* **Excerpts from a dataset**
(* For every $y\in\mathbf H^1_{\mathbb C}$, $$\lim_{b\to\infty}\mathrm{Cart}\big(g(1,b)y,\,g(1,-b)y,\,y\big)=-\frac{\pi}{2}.$$
   Context: $\mathbf H^1_{\mathbb C}$ is the set of lines $[v]$ in $\mathbb C^2$ with $B(v,v)>0$, where $B(z,w)=z_1\bar w_1-z_2\bar w_2$. Let $\xi_1=(e_1+e_2)/\sqrt2$, $\xi_2=(e_1-e_2)/\sqrt2$, and for $b\in\mathbb R$ let $g(1,b)\in SU(1,1)$ have matrix $\begin{pmatrix}1&ib\\0&1\end{pmatrix}$ in the basis $(\xi_1,\xi_2)$, acting on $\mathbf H^1_{\mathbb C}$. The Cartan argument is $\mathrm{Cart}(x,y,z)=\arg\big(B(\tilde x,\tilde y)B(\tilde y,\tilde z)B(\tilde z,\tilde x)\big)\in(-\pi/2,\pi/2)$ for any lifts $\tilde x,\tilde y,\tilde z$. *)

theory Defs
  imports "HOL-Analysis.Analysis"
begin

definition hform :: "complex \<times> complex \<Rightarrow> complex \<times> complex \<Rightarrow> complex" where
  "hform z w = fst z * cnj (fst w) - snd z * cnj (snd w)"

text \<open>Points of complex hyperbolic line: represented by their lifts v with B(v,v) > 0.\<close>
definition in_H1 :: "complex \<times> complex \<Rightarrow> bool" where
  "in_H1 v \<longleftrightarrow> Re (hform v v) > 0"

definition xi1 :: "complex \<times> complex" where
  "xi1 = (complex_of_real (1 / sqrt 2), complex_of_real (1 / sqrt 2))"

definition xi2 :: "complex \<times> complex" where
  "xi2 = (complex_of_real (1 / sqrt 2), - complex_of_real (1 / sqrt 2))"

text \<open>Coordinates of v in the basis (xi1, xi2): v = coord1 v * xi1 + coord2 v * xi2.\<close>
definition coord1 :: "complex \<times> complex \<Rightarrow> complex" where
  "coord1 v = (fst v + snd v) / complex_of_real (sqrt 2)"

definition coord2 :: "complex \<times> complex \<Rightarrow> complex" where
  "coord2 v = (fst v - snd v) / complex_of_real (sqrt 2)"

definition lincomb :: "complex \<Rightarrow> complex \<times> complex \<Rightarrow> complex \<Rightarrow> complex \<times> complex \<Rightarrow> complex \<times> complex" where
  "lincomb a u c w = (a * fst u + c * fst w, a * snd u + c * snd w)"

text \<open>g(1,b): matrix ((1, i b), (0, 1)) in the basis (xi1, xi2).\<close>
definition g_act :: "real \<Rightarrow> complex \<times> complex \<Rightarrow> complex \<times> complex" where
  "g_act b v = lincomb (coord1 v + \<i> * complex_of_real b * coord2 v) xi1 (coord2 v) xi2"

text \<open>Cartan argument, computed on lifts; Arg takes values in (-pi, pi], which agrees with
  the paper's range (-pi/2, pi/2) on triples of points of the hyperbolic line.\<close>
definition Cart :: "complex \<times> complex \<Rightarrow> complex \<times> complex \<Rightarrow> complex \<times> complex \<Rightarrow> real" where
  "Cart x y z = Arg (hform x y * hform y z * hform z x)"

end

theory Submission
  imports Defs "HOL-Real_Asymp.Real_Asymp"
begin

(* In the coordinates (p, q) of the basis (xi1, xi2) the form reads
  B(v, w) = p_v cnj q_w + q_v cnj p_w, and g(1,b) is p |-> p + i b q, so that
  B(g(1,a) v, g(1,b) w) = B(v, w) + i (a - b) q_v cnj q_w.  For y with r = B(y,y) > 0
  and c = |q_y|^2 > 0 the Cartan triple product is therefore
  (r + 2 i b c)(r - i b c)^2 = r (r^2 + 3 (bc)^2) - 2 i (bc)^3.
  Its real part stays positive while the ratio of imaginary to real part tends to -infinity,
  so its argument tends to -pi/2. *)

lemma sqrt2_complex:
  "complex_of_real (sqrt 2) * complex_of_real (sqrt 2) = 2"
  "complex_of_real (1 / sqrt 2) = 1 / complex_of_real (sqrt 2)"
  "cnj (complex_of_real (sqrt 2)) = complex_of_real (sqrt 2)"
  by (simp_all flip: of_real_mult)

lemma coord_lincomb_xi:
  "coord1 (lincomb a xi1 c xi2) = a"
  "coord2 (lincomb a xi1 c xi2) = c"
proof -
  obtain t where t: "complex_of_real (sqrt 2) = t" "t * t = 2"
    by (simp add: sqrt2_complex)
  then have "t \<noteq> 0" by auto
  with t show "coord1 (lincomb a xi1 c xi2) = a" "coord2 (lincomb a xi1 c xi2) = c"
    by (simp_all add: coord1_def coord2_def lincomb_def xi1_def xi2_def sqrt2_complex field_simps)
qed

lemma lincomb_coord_xi: "lincomb (coord1 v) xi1 (coord2 v) xi2 = v"
proof -
  obtain t where t: "complex_of_real (sqrt 2) = t" "t * t = 2"
    by (simp add: sqrt2_complex)
  then have "t \<noteq> 0" by auto
  with t show ?thesis
    by (cases v) (simp add: coord1_def coord2_def lincomb_def xi1_def xi2_def sqrt2_complex field_simps)
qed

lemma hform_coord: "hform v w = coord1 v * cnj (coord2 w) + coord2 v * cnj (coord1 w)"
proof -
  obtain t where t: "complex_of_real (sqrt 2) = t" "t * t = 2" "cnj t = t"
    by (simp add: sqrt2_complex)
  then have "t \<noteq> 0" by auto
  with t show ?thesis
    by (cases v; cases w) (simp add: hform_def coord1_def coord2_def field_simps)
qed

lemma coord1_g_act [simp]: "coord1 (g_act b v) = coord1 v + \<i> * of_real b * coord2 v"
  and coord2_g_act [simp]: "coord2 (g_act b v) = coord2 v"
  by (simp_all add: g_act_def coord_lincomb_xi)

lemma g_act_zero: "g_act 0 v = v"
  by (simp add: g_act_def lincomb_coord_xi)

lemma hform_g_act:
  "hform (g_act a v) (g_act b w) = hform v w + \<i> * of_real (a - b) * coord2 v * cnj (coord2 w)"
  by (simp add: hform_coord algebra_simps)

lemma hform_self_real: "hform v v = of_real (Re (hform v v))"
  by (simp add: hform_def complex_eq_iff)

lemma coord2_nonzero_if_in_H1: "in_H1 v \<Longrightarrow> coord2 v \<noteq> 0"
  by (auto simp: in_H1_def hform_coord)

lemma cubic_product:
  "(of_real r + \<i> * of_real (2 * s)) * (of_real r - \<i> * of_real s) ^ 2
     = Complex (r * (r\<^sup>2 + 3 * s\<^sup>2)) (- 2 * s ^ 3)"
  by (simp add: complex_eq_iff power2_eq_square power3_eq_cube algebra_simps)

lemma Cart_g_act_orbit:
  assumes "in_H1 y"
  defines "r \<equiv> Re (hform y y)" and "c \<equiv> (cmod (coord2 y))\<^sup>2"
  shows "Cart (g_act b y) (g_act (- b) y) y = arctan (- 2 * (b * c) ^ 3 / (r * (r\<^sup>2 + 3 * (b * c)\<^sup>2)))"
proof -
  have r_pos: "r > 0"
    using assms(1) by (simp add: in_H1_def r_def)
  have self: "hform y y = of_real r"
    unfolding r_def by (rule hform_self_real)
  have q: "coord2 y * cnj (coord2 y) = of_real c"
    unfolding c_def by (simp add: complex_norm_square[symmetric])
  have "hform (g_act b y) (g_act (- b) y) = of_real r + \<i> * of_real (2 * (b * c))"
    using hform_g_act[of b y "- b" y] by (simp add: self mult.assoc q)
  moreover have "hform (g_act (- b) y) y = of_real r - \<i> * of_real (b * c)"
    using hform_g_act[of "- b" y 0 y] by (simp add: g_act_zero self mult.assoc q)
  moreover have "hform y (g_act b y) = of_real r - \<i> * of_real (b * c)"
    using hform_g_act[of 0 y b y] by (simp add: g_act_zero self mult.assoc q)
  ultimately have "hform (g_act b y) (g_act (- b) y) * hform (g_act (- b) y) y * hform y (g_act b y)
      = (of_real r + \<i> * of_real (2 * (b * c))) * (of_real r - \<i> * of_real (b * c)) ^ 2"
    by (simp only: mult.assoc power2_eq_square)
  also have "\<dots> = Complex (r * (r\<^sup>2 + 3 * (b * c)\<^sup>2)) (- 2 * (b * c) ^ 3)"
    by (rule cubic_product)
  finally have product: "hform (g_act b y) (g_act (- b) y) * hform (g_act (- b) y) y * hform y (g_act b y)
      = Complex (r * (r\<^sup>2 + 3 * (b * c)\<^sup>2)) (- 2 * (b * c) ^ 3)" .
  have "r * (r\<^sup>2 + 3 * (b * c)\<^sup>2) > 0"
    using r_pos by (simp add: add_pos_nonneg)
  then show ?thesis
    by (simp add: Cart_def product arg_conv_arctan)
qed

theorem mainTheorem16:
  fixes y :: "complex \<times> complex"
  assumes "in_H1 y"
  shows "((\<lambda>b::real. Cart (g_act b y) (g_act (- b) y) y) \<longlongrightarrow> - pi / 2) at_top"
proof -
  define r where "r = Re (hform y y)"
  define c where "c = (cmod (coord2 y))\<^sup>2"
  have "r > 0"
    using assms by (simp add: in_H1_def r_def)
  moreover have "c > 0"
    using coord2_nonzero_if_in_H1[OF assms] by (simp add: c_def)
  ultimately have "((\<lambda>b. arctan (- 2 * (b * c) ^ 3 / (r * (r\<^sup>2 + 3 * (b * c)\<^sup>2)))) \<longlongrightarrow> - pi / 2) at_top"
    by real_asymp
  then show ?thesis
    by (simp add: Cart_g_act_orbit[OF assms] r_def c_def)
qed

end
lemma weak_conv_char_power_imp_tendsto:
  fixes \<mu> :: "nat \<Rightarrow> real measure" and \<phi> :: "real \<Rightarrow> complex" and \<rho> :: "real \<Rightarrow> real"
    and c :: "nat \<Rightarrow> real"
  assumes \<mu>: "\<And>n. real_distribution (\<mu> n)" and S: "real_distribution S" and wc: "weak_conv_m \<mu> S"
    and char_S: "\<And>u. char S u = complex_of_real (exp (- \<rho> u))" and \<rho>: "\<And>u. isCont \<rho> u"
    and char_\<mu>: "\<And>n u. char (\<mu> n) u = \<phi> (u / c n) ^ n"
    and \<phi>: "\<And>u. isCont \<phi> u" "\<phi> 0 = 1"
    and c: "(\<lambda>n. 1 / c n) \<longlonglongrightarrow> 0"
  shows "(\<lambda>n. of_nat n * (1 - \<phi> (t / c n))) \<longlonglongrightarrow> complex_of_real (\<rho> t)"
proof -
  have "(\<lambda>n. t * (1 / c n)) \<longlonglongrightarrow> t * 0"
    by (intro tendsto_mult tendsto_const c)
  then have small: "(\<lambda>n. t / c n) \<longlonglongrightarrow> 0"
    by simp
  then have z: "(\<lambda>n. \<phi> (t / c n)) \<longlonglongrightarrow> 1"
    using isCont_tendsto_compose[OF \<phi>(1)[of 0]] \<phi>(2) by simp
  have "(\<lambda>n. char (\<mu> n) t * exp (of_real (\<rho> t))) \<longlonglongrightarrow> char S t * exp (of_real (\<rho> t))"
    by (intro tendsto_mult tendsto_const levy_continuity1[OF \<mu> S wc])
  moreover have "char S t * exp (of_real (\<rho> t)) = 1"
    by (simp add: char_S flip: exp_of_real exp_add)
  moreover have "eventually (\<lambda>n. \<phi> (t / c n) \<noteq> 0) sequentially"
    using tendsto_imp_eventually_ne[OF z] by simp
  then have "eventually (\<lambda>n. char (\<mu> n) t * exp (of_real (\<rho> t))
      = exp (of_nat n * Ln (\<phi> (t / c n)) + of_real (\<rho> t))) sequentially"
    by eventually_elim (simp add: char_\<mu> exp_add exp_of_nat_mult)
  ultimately have exp_lim: "(\<lambda>n. exp (of_nat n * Ln (\<phi> (t / c n)) + of_real (\<rho> t))) \<longlonglongrightarrow> 1"
    by (auto intro: Lim_transform_eventually)
  have "eventually (\<lambda>n. \<bar>Im (of_nat n * Ln (\<phi> (t / c n)) + of_real (\<rho> t))\<bar> < pi) sequentially"
    using eventually_abs_Im_of_nat_mult_Ln_less_pi_half[OF \<mu> S wc char_S \<rho> char_\<mu> \<phi> small]
    by eventually_elim simp
  with exp_lim have "(\<lambda>n. of_nat n * Ln (\<phi> (t / c n)) + of_real (\<rho> t)) \<longlonglongrightarrow> 0"
    by (rule tendsto_zero_if_exp_tendsto_one)
  then have "(\<lambda>n. of_nat n * Ln (\<phi> (t / c n))) \<longlonglongrightarrow> - complex_of_real (\<rho> t)"
    by (auto dest: tendsto_add[OF _ tendsto_const[of "- complex_of_real (\<rho> t)"]])
  with z show ?thesis
    by (rule tendsto_of_nat_mult_one_minus)
qed

lemma tendsto_negbin_generating_function:
  fixes z :: "nat \<Rightarrow> complex"
  assumes lim: "(\<lambda>n. of_nat n * (1 - z n)) \<longlonglongrightarrow> complex_of_real a" and a: "-1 < a"
  shows "(\<lambda>n. z n * ((1 - of_real (1 - 1 / real n) * z n) / of_real (1 / real n)) powr (- of_real \<nu>))
           \<longlonglongrightarrow> complex_of_real ((1 + a) powr (- \<nu>))"
proof -
  have "(\<lambda>n. (of_nat n * (1 - z n)) * (1 / of_nat n)) \<longlonglongrightarrow> complex_of_real a * 0"
    by (intro tendsto_mult lim lim_1_over_n)
  moreover have "eventually (\<lambda>n. (of_nat n * (1 - z n)) * (1 / of_nat n) = 1 - z n) sequentially"
    using eventually_ge_at_top[of "1::nat"] by eventually_elim auto
  ultimately have "(\<lambda>n. 1 - z n) \<longlonglongrightarrow> 0"
    by (auto intro: Lim_transform_eventually)
  then have z: "z \<longlonglongrightarrow> 1"
    using tendsto_diff[OF tendsto_const[of 1]] by force
  have "1 + complex_of_real a \<notin> \<real>\<^sub>\<le>\<^sub>0"
    using a by (auto simp: complex_nonpos_Reals_iff)
  then have "(\<lambda>n. z n * (of_nat n * (1 - z n) + z n) powr (- of_real \<nu>))
      \<longlonglongrightarrow> 1 * (complex_of_real a + 1) powr (- of_real \<nu>)"
    by (intro tendsto_mult z tendsto_powr_complex tendsto_add lim tendsto_const) (simp add: add.commute)
  moreover have "(complex_of_real a + 1) powr (- of_real \<nu>) = complex_of_real ((1 + a) powr (- \<nu>))"
    using a by (subst powr_of_real[symmetric]) (auto simp: add.commute)
  moreover have "eventually (\<lambda>n. z n * (of_nat n * (1 - z n) + z n) powr (- of_real \<nu>)
      = z n * ((1 - of_real (1 - 1 / real n) * z n) / of_real (1 / real n)) powr (- of_real \<nu>)) sequentially"
    using eventually_ge_at_top[of "1::nat"]
  proof eventually_elim
    case (elim n)
    then have "(1 - of_real (1 - 1 / real n) * z n) / of_real (1 / real n) = of_nat n * (1 - z n) + z n"
      by (simp add: field_simps)
    then show ?case
      by simp
  qed
  ultimately show ?thesis
    by (auto intro: Lim_transform_eventually)
qed
(* Let $V$ be a finite set, $C=(C_R)_{R\subseteq V}$ non-negative capacities and $D=(D_S)_{S\subseteq V}$ non-negative demands. Then \[ \mathrm{MinHypCut}(V,C,D)=\min_{\delta\in\Delta_1(V)}\frac{C\cdot\delta}{D\cdot\delta}, \] where $\Delta_1(V)$ is the set of all $\ell_1$-embeddable diversities on $V$.
   Context: A diversity on $V$ is a function $\delta$ from subsets of $V$ to $\mathbb{R}$ with $\delta(A)\ge 0$, $\delta(A)=0$ whenever $|A|\le 1$ (values $0$ on larger sets are allowed), and $\delta(A\cup B)+\delta(B\cup C)\ge\delta(A\cup C)$ whenever $B\neq\emptyset$. Write $C\cdot\delta=\sum_{R\subseteq V}C_R\delta(R)$ and $D\cdot\delta=\sum_{S\subseteq V}D_S\delta(S)$; quotients are considered only where the denominator is nonzero. The $\ell_1^m$ diversity is $(\mathbb{R}^m,\delta_1)$ with $\delta_1(A)=\sum_{i=1}^m\max\{|a_i-b_i|:a,b\in A\}$; a diversity $\delta$ on $V$ is $\ell_1$-embeddable if there are $m$ and $\phi:V\to\mathbb{R}^m$ with $\delta(A)=\delta_1(\phi(A))$ for all $A\subseteq V$. For $U\subseteq V$ let $\partial U$ be the set of subsets of $V$ meeting both $U$ and $V\setminus U$, and $\mathrm{MinHypCut}(V,C,D)=\min_{U\subseteq V}\frac{\sum_{A\in\partial U}C_A}{\sum_{S\in\partial U}D_S}$. *)

theory Defs
  imports Complex_Main
begin
text \<open>H contains the identity and the two unit transvections.\<close>

lemma card_H_ge_3: "3 \<le> card H"
proof -
  have "id \<noteq> upper_tr (1::'f)" using upper_tr_eq_id_iff[of 1] by (metis zero_neq_one)
  moreover have "id \<noteq> lower_tr (1::'f)" by (auto dest!: fun_cong[of _ _ "(1, 0)"])
  moreover have "upper_tr 1 \<noteq> lower_tr (1::'f)" by (auto dest!: fun_cong[of _ _ "(0, 1)"])
  ultimately have "card {id, upper_tr 1, lower_tr (1::'f)} = 3" by simp
  moreover have "{id, upper_tr 1, lower_tr 1} \<subseteq> H"
    using H_id SL2_subset upper_tr_SL2 lower_tr_SL2 by blast
  ultimately show ?thesis by (metis card_mono finite_UNIV finite_subset subset_UNIV)
qed

text \<open>For q \<ge> 3, |G| = |H| q^2 \<ge> 3 * 9 > 24 = |S_4|.\<close>

lemma not_iso_S4:
  assumes q3: "3 \<le> card (UNIV :: 'f set)"
  shows "\<not> perm_grp (affine_grp H) \<cong> sym_group 4"
proof
  assume "perm_grp (affine_grp H) \<cong> sym_group 4"
  then have "card (affine_grp H) = 24"
    using iso_same_card sym_group_card_carrier[of 4] by (fastforce simp: perm_grp_def fact_numeral)
  moreover have "3 \<le> card H" by (rule card_H_ge_3)
  moreover have "9 \<le> card (UNIV :: ('f \<times> 'f) set)"
    unfolding card_UNIV_pair using mult_le_mono[OF q3 q3] by simp
  moreover have "card (affine_grp H) = card H * card (UNIV :: ('f \<times> 'f) set)"
    using card_affine_grp additive.zero H_additive by blast
  ultimately show False using mult_le_mono[of 3 "card H" 9 "card (UNIV :: ('f \<times> 'f) set)"] by simp
qed

end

* **THE PROBLEM**
Which of the lines in the data contain the string "unfolding"? Return each one.

* **RESULT OF THE TASK**
    unfolding r_def by (rule hform_self_real)
    unfolding c_def by (simp add: complex_norm_square[symmetric])
    unfolding card_UNIV_pair using mult_le_mono[OF q3 q3] by simp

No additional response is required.